[Opening Information shown section]
lemma fps_sqrt_one_plus_compose_square:
  fixes b :: "'a::field_char_0 fps"
  assumes "b $ 0 = 0"
  shows "(fps_sqrt_one_plus c oo b) * (fps_sqrt_one_plus c oo b) = 1 + fps_const c * b"
  using assms
  by (simp add: fps_compose_mult_distrib[symmetric] fps_sqrt_one_plus_square
      fps_compose_add_distrib fps_const_mult_apply_left[symmetric])

lemma fps_sqrt_one_plus_nth_dfact:
  "fps_sqrt_one_plus c $ l = - ((- c / 2) ^ l * dfact (2 * int l - 3) / fact l)"
  unfolding fps_sqrt_one_plus_def dfact_odd_eq_gchoose
  by (simp add: field_simps power_mult_distrib[symmetric])

lemma fps_square_eq_imp_eq:
  fixes u v :: "'a::field_char_0 fps"
  assumes "u * u = v * v" "u $ 0 = v $ 0" "v $ 0 \<noteq> 0"
  shows "u = v"
proof -
  have "(u + v) $ 0 \<noteq> 0"
    using assms(2,3) by simp
  then have "u + v \<noteq> 0"
    by (metis fps_zero_nth)
  moreover have "(u - v) * (u + v) = 0"
    using assms(1) by (simp add: algebra_simps)
  ultimately show ?thesis
    by simp
qed

section \<open>Stirling numbers as coefficients of powers of $e^{a y} - 1$\<close>

lemma fps_exp_minus_one_nth_0: "(fps_exp a - 1) $ 0 = (0 :: 'a::field_char_0)"
  by simp

lemma fps_nth_power_exp_minus_one:
  fixes a :: "'a::field_char_0"
  shows "((fps_exp a - 1) ^ l) $ k = fact l * of_nat (Stirling k l) * a ^ k / fact k"
proof (induction k arbitrary: l)
  case 0
  show ?case
    by (cases l) (simp_all add: fps_nth_power_0)
next
  case (Suc k)
  show ?case
  proof (cases l)
    case (Suc m)
    let ?Y = "fps_exp a - 1"
    \<comment> \<open>Differentiating \<open>?Y ^ Suc m\<close> reproduces the recurrence of the Stirling numbers.\<close>
    have "fps_deriv (?Y ^ Suc m) = fps_const (of_nat (Suc m) * a) * (?Y ^ Suc m + ?Y ^ m)"
      unfolding fps_deriv_power
      by (simp add: algebra_simps fps_const_mult[symmetric] del: fps_const_mult)
    then have "of_nat (Suc k) * (?Y ^ Suc m) $ Suc k
                 = of_nat (Suc m) * a * ((?Y ^ Suc m) $ k + (?Y ^ m) $ k)"
      using fps_deriv_nth[of "?Y ^ Suc m" k] by (simp add: mult.commute del: power_Suc)
    also have "\<dots> = of_nat (Suc m) * a * (fact (Suc m) * of_nat (Stirling k (Suc m)) * a ^ k / fact k
                                        + fact m * of_nat (Stirling k m) * a ^ k / fact k)"
      by (simp only: Suc.IH)
    also have "\<dots> = of_nat (Suc k) * (fact (Suc m) * of_nat (Stirling (Suc k) (Suc m)) * a ^ Suc k
                      / fact (Suc k))"
    proof -
      have "of_nat (Stirling (Suc k) (Suc m))
              = of_nat (Suc m) * of_nat (Stirling k (Suc m)) + (of_nat (Stirling k m) :: 'a)"
        by (simp add: algebra_simps)
      moreover have "fact (Suc m) = of_nat (Suc m) * (fact m :: 'a)"
        and "fact (Suc k) = of_nat (Suc k) * (fact k :: 'a)"
        by simp_all
      ultimately show ?thesis
        by (simp add: field_simps del: of_nat_Suc fact_Suc)
    qed
    finally show ?thesis
      unfolding \<open>l = Suc m\<close> by (subst (asm) mult_left_cancel) (simp_all del: of_nat_Suc)
  qed simp
qed

lemma fps_sqrt_one_plus_compose_exp_nth:
  "(fps_sqrt_one_plus c oo (fps_exp a - 1)) $ k
     = - (a ^ k / fact k * (\<Sum>l=0..k. (- c / 2) ^ l * real (Stirling k l) * dfact (2 * int l - 3)))"
  unfolding fps_compose_nth fps_sqrt_one_plus_nth_dfact fps_nth_power_exp_minus_one
    sum_distrib_left sum_negf[symmetric]
  by (intro sum.cong) (auto simp: field_simps)

section \<open>The generating functions of $e_n$ and $d_n$\<close>

definition e_fps :: "real fps" where
  "e_fps = (fps_sqrt_one_plus (-1) oo (fps_exp 1 - 1)) * fps_exp (1/2)"

definition d_fps :: "real fps" where
  "d_fps = - (fps_sqrt_one_plus 2 oo (fps_exp (-1) - 1))"

lemma d_coef_eq_fps_nth: "d_coef n = d_fps $ n"
  unfolding d_fps_def d_coef_def fps_neg_nth fps_sqrt_one_plus_compose_exp_nth
  by simp

lemma e_coef_eq_fps_nth: "e_coef n = e_fps $ n"
proof -
  define s where "s k = (\<Sum>l=0..k. real (Stirling k l) * dfact (2 * int l - 3) / 2 ^ l)" for k
  have inner: "(fps_sqrt_one_plus (-1) oo (fps_exp 1 - 1)) $ k = - s k / fact k" for k
  proof -
    have "(\<Sum>l=0..k. (- (-1) / 2) ^ l * real (Stirling k l) * dfact (2 * int l - 3)) = s k"
      unfolding s_def by (intro sum.cong) (simp_all add: power_one_over)
    then show ?thesis
      by (simp add: fps_sqrt_one_plus_compose_exp_nth)
  qed
  have weight: "real (n choose k) * 2 ^ k / (2 ^ n * fact n) = (1/2) ^ (n - k) / fact (n - k) / fact k"
    if "k \<le> n" for k
  proof -
    have "real (n choose k) = fact n / (fact k * fact (n - k))"
      using that by (rule binomial_fact)
    moreover have "(2 :: real) ^ n = 2 ^ k * 2 ^ (n - k)"
      using that by (simp add: power_add[symmetric])
    ultimately show ?thesis
      by (simp add: field_simps power_one_over)
  qed
  have "e_fps $ n = (\<Sum>k=0..n. - s k / fact k * ((1/2) ^ (n - k) / fact (n - k)))"
    unfolding e_fps_def fps_mult_nth inner by simp
  also have "\<dots> = - (\<Sum>k=0..n. real (n choose k) * 2 ^ k / (2 ^ n * fact n) * s k)"
    unfolding sum_negf[symmetric]
  proof (intro sum.cong refl)
    fix k assume "k \<in> {0..n}"
    then have w: "real (n choose k) * 2 ^ k / (2 ^ n * fact n) = (1/2) ^ (n - k) / fact (n - k) / fact k"
      by (intro weight) simp
    show "- s k / fact k * ((1/2) ^ (n - k) / fact (n - k))
            = - (real (n choose k) * 2 ^ k / (2 ^ n * fact n) * s k)"
      unfolding w by (simp add: field_simps)
  qed
  also have "\<dots> = e_coef n"
    unfolding e_coef_def dfact_even s_def sum_distrib_left by (simp add: sum_negf field_simps)
  finally show ?thesis ..
qed

lemma e_fps_nth_0: "e_fps $ 0 = 1"
  by (simp add: e_fps_def)

lemma d_fps_nth_0: "d_fps $ 0 = -1"
  by (simp add: d_fps_def)

lemma e_fps_square: "e_fps * e_fps = 2 * fps_exp 1 - fps_exp 2"
proof -
  let ?S = "fps_sqrt_one_plus (-1) oo (fps_exp 1 - 1)"
  have "e_fps * e_fps = (?S * ?S) * (fps_exp (1/2) * fps_exp (1/2))"
    unfolding e_fps_def by (simp add: algebra_simps)
  also have "\<dots> = (2 - fps_exp 1) * fps_exp 1"
    unfolding fps_sqrt_one_plus_compose_square[OF fps_exp_minus_one_nth_0] fps_exp_add_mult[symmetric]
    by (simp add: fps_const_neg[symmetric] algebra_simps del: fps_const_neg)
  finally show ?thesis
    by (simp add: algebra_simps fps_exp_add_mult[symmetric])
qed

lemma d_fps_square: "d_fps * d_fps = 2 * fps_exp (-1) - 1"
proof -
  have "d_fps * d_fps = 1 + fps_const 2 * (fps_exp (-1) - 1)"
    unfolding d_fps_def fps_sqrt_one_plus_compose_square[OF fps_exp_minus_one_nth_0, symmetric]
    by simp
  then show ?thesis
    by (simp add: numeral_fps_const[symmetric] algebra_simps)
qed

lemma e_fps_eq: "e_fps = - (fps_exp 1 * d_fps)"
proof (rule fps_square_eq_imp_eq)
  have "(fps_exp 1 * d_fps) * (fps_exp 1 * d_fps) = (fps_exp 1 * fps_exp 1) * (d_fps * d_fps)"
    by (simp add: algebra_simps)
  also have "\<dots> = 2 * fps_exp 1 - fps_exp 2"
    unfolding d_fps_square by (simp add: algebra_simps fps_exp_add_mult[symmetric])
  finally show "e_fps * e_fps = - (fps_exp 1 * d_fps) * - (fps_exp 1 * d_fps)"
    by (simp add: e_fps_square)
qed (simp_all add: e_fps_nth_0 d_fps_nth_0)

lemma e_fps_mult_deriv_d_fps: "e_fps * fps_deriv d_fps = 1"
proof -
  have "fps_const 2 * (d_fps * fps_deriv d_fps) = fps_deriv (d_fps * d_fps)"
    by (simp add: algebra_simps numeral_fps_const[symmetric] mult_2)
  also have "\<dots> = fps_const 2 * - fps_exp (-1)"
    unfolding d_fps_square by (simp add: numeral_fps_const fps_const_neg[symmetric] del: fps_const_neg)
  finally have d_deriv: "d_fps * fps_deriv d_fps = - fps_exp (-1)"
    by (subst (asm) mult_left_cancel) simp_all
  have "e_fps * fps_deriv d_fps = - (fps_exp 1 * (d_fps * fps_deriv d_fps))"
    unfolding e_fps_eq by (simp add: algebra_simps)
  also have "\<dots> = fps_exp 1 * fps_exp (-1)"
    by (simp add: d_deriv)
  finally show ?thesis
    by (simp add: fps_exp_add_mult[symmetric])
qed

lemma deriv_d_fps_nth_0: "fps_deriv d_fps $ 0 = 1"
  using arg_cong[where f = "\<lambda>A. fps_nth A 0", OF e_fps_mult_deriv_d_fps] by (simp add: e_fps_nth_0)

section \<open>Toeplitz--Hessenberg determinants\<close>

definition lower_toeplitz_mat :: "nat \<Rightarrow> 'a::comm_ring_1 fps \<Rightarrow> 'a mat" where
  "lower_toeplitz_mat n A = mat n n (\<lambda>(i, j). if j \<le> i then A $ (i - j) else 0)"

definition hessenberg_toeplitz_mat :: "nat \<Rightarrow> 'a::comm_ring_1 fps \<Rightarrow> 'a mat" where
  "hessenberg_toeplitz_mat n A = mat n n (\<lambda>(i, j). if j \<le> i + 1 then A $ (i + 1 - j) else 0)"

lemma lower_toeplitz_mat_carrier: "lower_toeplitz_mat n A \<in> carrier_mat n n"
  by (simp add: lower_toeplitz_mat_def)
[Closing Information shown section]
__Description of the task__. Copy out each line of the data above, exactly, if it lies between the line holding "by (simp add: fps_exp_add_mult[symmetric])" and the line holding "section \<open>Toeplitz--Hessenberg determinants\<close>", inclusive; copy no other line.

__Reply to the exercise__.
    by (simp add: fps_exp_add_mult[symmetric])
qed

lemma deriv_d_fps_nth_0: "fps_deriv d_fps $ 0 = 1"
  using arg_cong[where f = "\<lambda>A. fps_nth A 0", OF e_fps_mult_deriv_d_fps] by (simp add: e_fps_nth_0)

section \<open>Toeplitz--Hessenberg determinants\<close>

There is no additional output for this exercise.